I think there's a very decent chance that the latter will be true, but the original argument was a technical one -- that good-enough LLMs will always require so much compute that you wouldn't want to run one locally even if you could.
If the personal computer of the 80s was good enough, why’s nobody still using one?
What people want to do changes with time, and therefore your PC XT will no longer hack it in the modern workplace, but the point is that from the point that a personal computer of any kind was good enough, people kept using personal computers. The parallel argument here would be that if there is a plateau where LLM improvement slows and converges with ability to run something good enough on consumer hardware, why would people not then just keep running those good enough models on their hardware? The models would get better with time, sure, but so would the hardware running them.
alex43578|17 days ago
Even if LLM improvement slows, it’ll probably result in the same treadmill effect we see in other software.

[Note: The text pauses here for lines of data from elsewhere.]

(* Let $\lambda\in(\frac16,\frac56)$ and $x\in[0,1]\setminus\mathcal E$. For every $n\ge0$, $I_n(x)$ is exactly the open interval of maximal length containing $x$ on which $F^\lambda_n$ is affine. In particular $$m_n(x)=\frac{F^\lambda_n(x)-F^\lambda_n(a_n(x))}{x-a_n(x)}$$ and $\mathrm{sgn}(m_n(x))=\mathrm{sgn}(\beta_{1,2}(x,n))\,\varepsilon_n(x)$.
   Context: Construction: $F^\lambda_0\equiv0$ on $[0,1]$ (one interval of generation $0$). Given $F^\lambda_n$ with its $4^n$ closed intervals of generation $n$ (covering $[0,1]$, disjoint interiors, $F^\lambda_n$ affine on each), on each interval $[a,b]$ of generation $n$, with $\ell=b-a$ and slope $m$, $F^\lambda_{n+1}$ coincides with $F^\lambda_n$ at $a,a+\ell/3,a+2\ell/3,b$, equals $F^\lambda_n(a+\ell/2)+\lambda\ell\sqrt{1+m^2}$ at $a+\ell/2$, and is affine on $[a,a+\ell/3],[a+\ell/3,a+\ell/2],[a+\ell/2,a+2\ell/3],[a+2\ell/3,b]$ (generation $n+1$). Dynamics: $T(x)=3x$ on $[0,\frac13)$, $6x-2$ on $[\frac13,\frac12)$, $4-6x$ on $[\frac12,\frac23)$, $3x-2$ on $[\frac23,1]$; $U(x)=0,1,2,3$ and $\widetilde U(x)=0,\frac13,\frac23,\frac23$ on these intervals respectively; $u_n(x)=U(T^nx)$, $\widetilde u_n(x)=\widetilde U(T^nx)$; $\beta_i(x,n)=\#\{k<n:u_k(x)=i\}$, $\beta_{i,j}=\beta_i+\beta_j$; $\varepsilon_n(x)=(-1)^{\beta_2(x,n)}$, $\ell_n(x)=3^{-\beta_{0,3}(x,n)}6^{-\beta_{1,2}(x,n)}$, $a_0(x)=0$, $a_n(x)=\sum_{k=0}^{n-1}\widetilde u_k(x)\varepsilon_k(x)\ell_k(x)$; $I_n(x)$ is the open interval with endpoints $a_n(x)$ and $a_n(x)+\varepsilon_n(x)\ell_n(x)$. $\mathcal E$ is the set of $x$ whose digit sequence $(u_n(x))$ is eventually constantly $0$ or eventually constantly $3$; for $x\notin\mathcal E$, $F^\lambda_n$ is differentiable at $x$ and $m_n(x)$ denotes its slope at $x$. $\mathrm{sgn}$ is the sign function ($\mathrm{sgn}(0)=0$). *)

theory Defs
  imports "HOL-Analysis.Analysis"
begin

text \<open>Closed intervals of generation n, represented as pairs (a,b) (they do not depend on lambda).\<close>
fun gen :: "nat \<Rightarrow> (real \<times> real) set" where
  "gen 0 = {(0, 1)}"
| "gen (Suc n) = (\<Union>(a, b) \<in> gen n.
      {(a, a + (b - a) / 3), (a + (b - a) / 3, a + (b - a) / 2),
       (a + (b - a) / 2, a + 2 * (b - a) / 3), (a + 2 * (b - a) / 3, b)})"

definition hat :: "real \<Rightarrow> real \<Rightarrow> real \<Rightarrow> real" where
  "hat a b x = max 0 (1 - \<bar>x - (a + (b - a) / 2)\<bar> / ((b - a) / 6))"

Consider MS Office, Adobe Creative (Cloud), or just about any pro level software. The older versions aren’t really used, for various reasons, including performance, features, compatibility, etc. Why would LLMs, which seem to be on an even faster trajectory than conventional software, be any different? Users will want to continue upgrading, and in the case of AI, that’ll mean continuing to access the latest cloud model.
No doubt that someone can run gpt-oss-120b five years from now on device, but outside of privacy, why would they when you can get a faster, smarter answer (for free, likely) from a service?